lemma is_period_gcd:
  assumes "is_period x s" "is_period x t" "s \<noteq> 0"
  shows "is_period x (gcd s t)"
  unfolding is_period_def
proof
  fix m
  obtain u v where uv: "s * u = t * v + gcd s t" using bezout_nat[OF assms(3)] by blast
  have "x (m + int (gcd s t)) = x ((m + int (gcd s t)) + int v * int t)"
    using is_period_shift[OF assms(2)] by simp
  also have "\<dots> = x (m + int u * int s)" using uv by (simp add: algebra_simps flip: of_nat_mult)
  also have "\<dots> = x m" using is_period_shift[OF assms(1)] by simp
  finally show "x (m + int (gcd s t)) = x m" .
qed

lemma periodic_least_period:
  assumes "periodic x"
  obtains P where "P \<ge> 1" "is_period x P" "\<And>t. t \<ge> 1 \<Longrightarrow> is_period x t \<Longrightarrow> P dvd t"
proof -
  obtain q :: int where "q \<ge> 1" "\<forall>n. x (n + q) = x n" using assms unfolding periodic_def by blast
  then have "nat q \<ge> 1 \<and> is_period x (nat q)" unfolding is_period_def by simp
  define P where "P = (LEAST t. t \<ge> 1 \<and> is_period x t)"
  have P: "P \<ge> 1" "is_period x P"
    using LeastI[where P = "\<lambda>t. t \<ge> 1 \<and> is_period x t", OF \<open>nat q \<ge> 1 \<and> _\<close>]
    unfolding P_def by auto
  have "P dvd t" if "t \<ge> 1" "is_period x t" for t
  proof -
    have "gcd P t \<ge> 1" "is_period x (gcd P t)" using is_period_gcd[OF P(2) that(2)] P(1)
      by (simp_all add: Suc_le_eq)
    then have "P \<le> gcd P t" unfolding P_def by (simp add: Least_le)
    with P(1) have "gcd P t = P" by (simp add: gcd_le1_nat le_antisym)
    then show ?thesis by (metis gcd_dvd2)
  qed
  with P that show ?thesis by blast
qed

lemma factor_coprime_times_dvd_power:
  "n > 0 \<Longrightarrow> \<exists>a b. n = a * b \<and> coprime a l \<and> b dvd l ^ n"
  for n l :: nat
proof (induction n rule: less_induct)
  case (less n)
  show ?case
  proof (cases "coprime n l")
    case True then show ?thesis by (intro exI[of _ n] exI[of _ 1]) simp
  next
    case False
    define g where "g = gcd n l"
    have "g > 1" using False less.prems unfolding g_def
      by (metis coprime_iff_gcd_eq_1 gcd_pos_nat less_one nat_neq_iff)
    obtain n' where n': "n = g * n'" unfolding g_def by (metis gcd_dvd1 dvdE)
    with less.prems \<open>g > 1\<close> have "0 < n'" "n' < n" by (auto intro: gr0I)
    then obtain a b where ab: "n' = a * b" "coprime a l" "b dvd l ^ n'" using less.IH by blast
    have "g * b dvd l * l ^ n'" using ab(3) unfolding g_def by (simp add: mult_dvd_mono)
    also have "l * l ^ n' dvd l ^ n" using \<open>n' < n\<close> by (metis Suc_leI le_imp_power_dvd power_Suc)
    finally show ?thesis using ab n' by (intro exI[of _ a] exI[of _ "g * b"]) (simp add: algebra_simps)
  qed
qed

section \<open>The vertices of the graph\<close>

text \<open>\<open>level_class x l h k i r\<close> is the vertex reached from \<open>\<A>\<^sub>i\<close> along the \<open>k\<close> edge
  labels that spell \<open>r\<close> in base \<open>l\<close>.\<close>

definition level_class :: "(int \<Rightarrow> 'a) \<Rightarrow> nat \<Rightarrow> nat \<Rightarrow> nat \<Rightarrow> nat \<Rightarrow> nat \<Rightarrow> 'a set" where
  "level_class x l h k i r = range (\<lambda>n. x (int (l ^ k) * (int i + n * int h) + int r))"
- - - - - - -
▸ **TASK DIRECTIONS**
Using the records above, please retype only the run of lines from the line holding "define g where" through the last line, both ends included.

▸ **ANSWER BELOW**
    define g where "g = gcd n l"
    have "g > 1" using False less.prems unfolding g_def
      by (metis coprime_iff_gcd_eq_1 gcd_pos_nat less_one nat_neq_iff)
    obtain n' where n': "n = g * n'" unfolding g_def by (metis gcd_dvd1 dvdE)
    with less.prems \<open>g > 1\<close> have "0 < n'" "n' < n" by (auto intro: gr0I)
    then obtain a b where ab: "n' = a * b" "coprime a l" "b dvd l ^ n'" using less.IH by blast
    have "g * b dvd l * l ^ n'" using ab(3) unfolding g_def by (simp add: mult_dvd_mono)
    also have "l * l ^ n' dvd l ^ n" using \<open>n' < n\<close> by (metis Suc_leI le_imp_power_dvd power_Suc)
    finally show ?thesis using ab n' by (intro exI[of _ a] exI[of _ "g * b"]) (simp add: algebra_simps)
  qed
qed

section \<open>The vertices of the graph\<close>

text \<open>\<open>level_class x l h k i r\<close> is the vertex reached from \<open>\<A>\<^sub>i\<close> along the \<open>k\<close> edge
  labels that spell \<open>r\<close> in base \<open>l\<close>.\<close>

definition level_class :: "(int \<Rightarrow> 'a) \<Rightarrow> nat \<Rightarrow> nat \<Rightarrow> nat \<Rightarrow> nat \<Rightarrow> nat \<Rightarrow> 'a set" where
  "level_class x l h k i r = range (\<lambda>n. x (int (l ^ k) * (int i + n * int h) + int r))"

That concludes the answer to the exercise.